Technology is doing very well on the Relative Rotation Graph for US sectors, with a rotation that is well inside the leading quadrant and pushing further into it. If we shift gears and look specifically at the RRG for the technology sector (against XLK), we can see there is one tail that firmly stands out: QCOM.
At present, QCOM has a long tail inside the improving quadrant, traveling at an RRG-Heading between 0-90 degrees, and is close to a crossover into leading. With all that going for it, this chart definitely seems to be worth a look (IMHO).
When you pull up a chart of QCOM, say, using daily data over the past year, and see the big jumps with massive gaps, your first response might be like mine: "...hmmm, that's a nice move but I'm a little late now; I'm not gonna chase this one."
This is the point where common sense comes in and you may feel compelled to take a closer look at what's happening, because moves like this indicate a major shift in supply and demand. Where did all this demand come from so suddenly?

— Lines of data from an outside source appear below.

text \<open>
  Write \<open>\<theta> s = \<mu> + u s\<close>. The errors of both estimators are affine combinations of the centred
  prior deviations \<open>u s\<close> and the trip errors \<open>\<epsilon> n s\<close>, and the independence hypotheses give
  all their second moments: \<open>E[u s * u t] = \<tau>\<^sup>2 [s = t]\<close>, \<open>E[\<epsilon> n s * \<epsilon> n' t] = [n = n'] \<sigma> s t\<close>
  and \<open>E[u s * \<epsilon> n t] = 0\<close>. Hence the integrated risk of the segment-based estimator is the
  quadratic \<open>\<phi>\<^sup>T C \<phi> + (\<Sum>S. |S| \<tau>\<^sup>2 (\<phi> S - 1)\<^sup>2)\<close>, where \<open>C\<close> is the Gram matrix of the averaged
  errors on the super-segments. As \<open>C\<close> is positive semidefinite and \<open>\<tau>\<^sup>2 > 0\<close>, its Hessian is
  positive definite, so the normal equations, which are the stated linear system, have a unique
  solution, and it is the unique minimizer. For the route-based estimator the error is
  \<open>\<phi> W - Y\<close>, so the risk \<open>\<phi>\<^sup>2 E[W\<^sup>2] - 2 \<phi> E[W Y] + E[Y\<^sup>2]\<close> is minimized at
  \<open>E[W Y] / E[W\<^sup>2]\<close>, which is the given weight.
\<close>

section \<open>Quadratic forms over finite index sets\<close>

lemma sum_if_mem_subset:
  assumes "finite X" "S \<subseteq> X"
  shows "(\<Sum>s\<in>X. if s \<in> S then f s else 0) = sum f S"
  using sum.inter_restrict[OF assms(1), of f S] assms(2) by (simp add: Int_absorb1)

lemma double_sum_if_mem_subset:
  fixes a b :: real
  assumes "finite X" "S \<subseteq> X" "T \<subseteq> X"
  shows "(\<Sum>s\<in>X. \<Sum>t\<in>X. (if s \<in> S then a else 0) * (if t \<in> T then b else 0) * f s t)
       = a * b * (\<Sum>s\<in>S. \<Sum>t\<in>T. f s t)"
proof -
  have "(\<Sum>s\<in>X. \<Sum>t\<in>X. (if s \<in> S then a else 0) * (if t \<in> T then b else 0) * f s t)
      = (\<Sum>s\<in>X. if s \<in> S then (\<Sum>t\<in>X. if t \<in> T then a * b * f s t else 0) else 0)"
    by (intro sum.cong) (auto intro!: sum.cong)
  also have "\<dots> = (\<Sum>s\<in>S. \<Sum>t\<in>T. a * b * f s t)"
    using assms by (simp add: sum_if_mem_subset)
  finally show ?thesis
    by (simp add: sum_distrib_left)
qed

lemma sum_sum_subsets_count:
  fixes f :: "'a \<Rightarrow> real"
  assumes "finite A" "finite S" "\<And>n. n \<in> A \<Longrightarrow> Y n \<subseteq> S"
  shows "(\<Sum>n\<in>A. \<Sum>s\<in>Y n. f s) = (\<Sum>s\<in>S. real (card {n\<in>A. s \<in> Y n}) * f s)"
proof -
  have "(\<Sum>n\<in>A. \<Sum>s\<in>Y n. f s) = (\<Sum>n\<in>A. \<Sum>s\<in>S. if s \<in> Y n then f s else 0)"
    using assms by (simp add: sum_if_mem_subset)
  also have "\<dots> = (\<Sum>s\<in>S. \<Sum>n\<in>A. if s \<in> Y n then f s else 0)"
    by (rule sum.swap)
  also have "\<dots> = (\<Sum>s\<in>S. real (card {n\<in>A. s \<in> Y n}) * f s)"
    using assms by (simp add: sum.If_cases Int_def)
  finally show ?thesis .
qed

definition quad_form :: "'i set \<Rightarrow> ('i \<Rightarrow> 'i \<Rightarrow> real) \<Rightarrow> ('i \<Rightarrow> real) \<Rightarrow> real" where
  "quad_form P A x = (\<Sum>S\<in>P. \<Sum>T\<in>P. x S * A S T * x T)"

lemma quad_form_cong: "(\<And>S. S \<in> P \<Longrightarrow> x S = y S) \<Longrightarrow> quad_form P A x = quad_form P A y"
  by (simp add: quad_form_def)

lemma quad_form_insert:
  assumes "finite P" "a \<notin> P"
  shows "quad_form (insert a P) A x
    = x a * A a a * x a + x a * (\<Sum>T\<in>P. A a T * x T) + (\<Sum>S\<in>P. x S * A S a) * x a + quad_form P A x"
  using assms by (simp add: quad_form_def sum.distrib sum_distrib_left sum_distrib_right mult.assoc)

lemma quad_form_schur_complement:
  "quad_form P (\<lambda>S T. A S T - A S a * A a T / c) x
    = quad_form P A x - (\<Sum>S\<in>P. x S * A S a) * (\<Sum>T\<in>P. A a T * x T) / c"
proof -
  have "x S * (A S T - A S a * A a T / c) * x T = x S * A S T * x T - (x S * A S a) * (A a T * x T) / c"
    for S T
    by (simp add: algebra_simps)
  then show ?thesis
    by (simp add: quad_form_def sum_subtractf sum_product sum_divide_distrib)
qed

definition pos_def_on :: "'i set \<Rightarrow> ('i \<Rightarrow> 'i \<Rightarrow> real) \<Rightarrow> bool" where
  "pos_def_on P A \<longleftrightarrow> (\<forall>x. (\<exists>S\<in>P. x S \<noteq> 0) \<longrightarrow> 0 < quad_form P A x)"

Sometimes Fundamentals DO Make A Change
In the case of QCOM, the clear reason behind the shift is the settlement on the royalty dispute with AAPL. I am by no means a fundamental analyst, but from what I understood this was something that was overshadowing QCOM's performance for quite some time already. The fact that this issue is now gone makes a big difference and the market is acknowledging that.
This is reason enough to start digging and looking beyond the last 12 months of price performance, so let's pull up some longer-term charts. The monthly chart printed above this article caught my eye in particular.
At first sight, the recent jump in price from $58 to $86 looks like a very steep move, one where we're probably too late to jump on board. But...
A Different View
...the monthly chart, using a log scale, tells a different story.
What we see here is a very convincing break to the highest level in 20 years. The month is not over yet, but a drop back below that breakout area between $70-75 seems very unlikely (though you should keep that in the back of your mind nevertheless).
This former barrier of steel that acted as resistance for 20 years will now very likely come back as support in the event of a decline, which, with virtually no overhead resistance and the downside well-protected, makes QCOM very attractive from a technical point of view. The last time QCOM rose to new all-time-highs was at the start of 1999... Just saying ;)
The relative strength of QCOM vs. XLK reached its high in 2009 and, after some sideways movement, really started to decline from 2014 onwards. That decline recently ended when the RS-Line completed a double bottom, breaking its previous high for the first time since 2009, while simultaneously taking out the falling resistance line. And this relative strength line is nowhere near the all-time highs yet!
From a relative perspective, the party has only just begun.
From a trading perspective, you may want to wait for a throwback towards the new support area to optimize the entry or, alternately, split positions in half or thirds, buying only 1 part at the market and then buying the remaining part(s) at lower levels, if possible.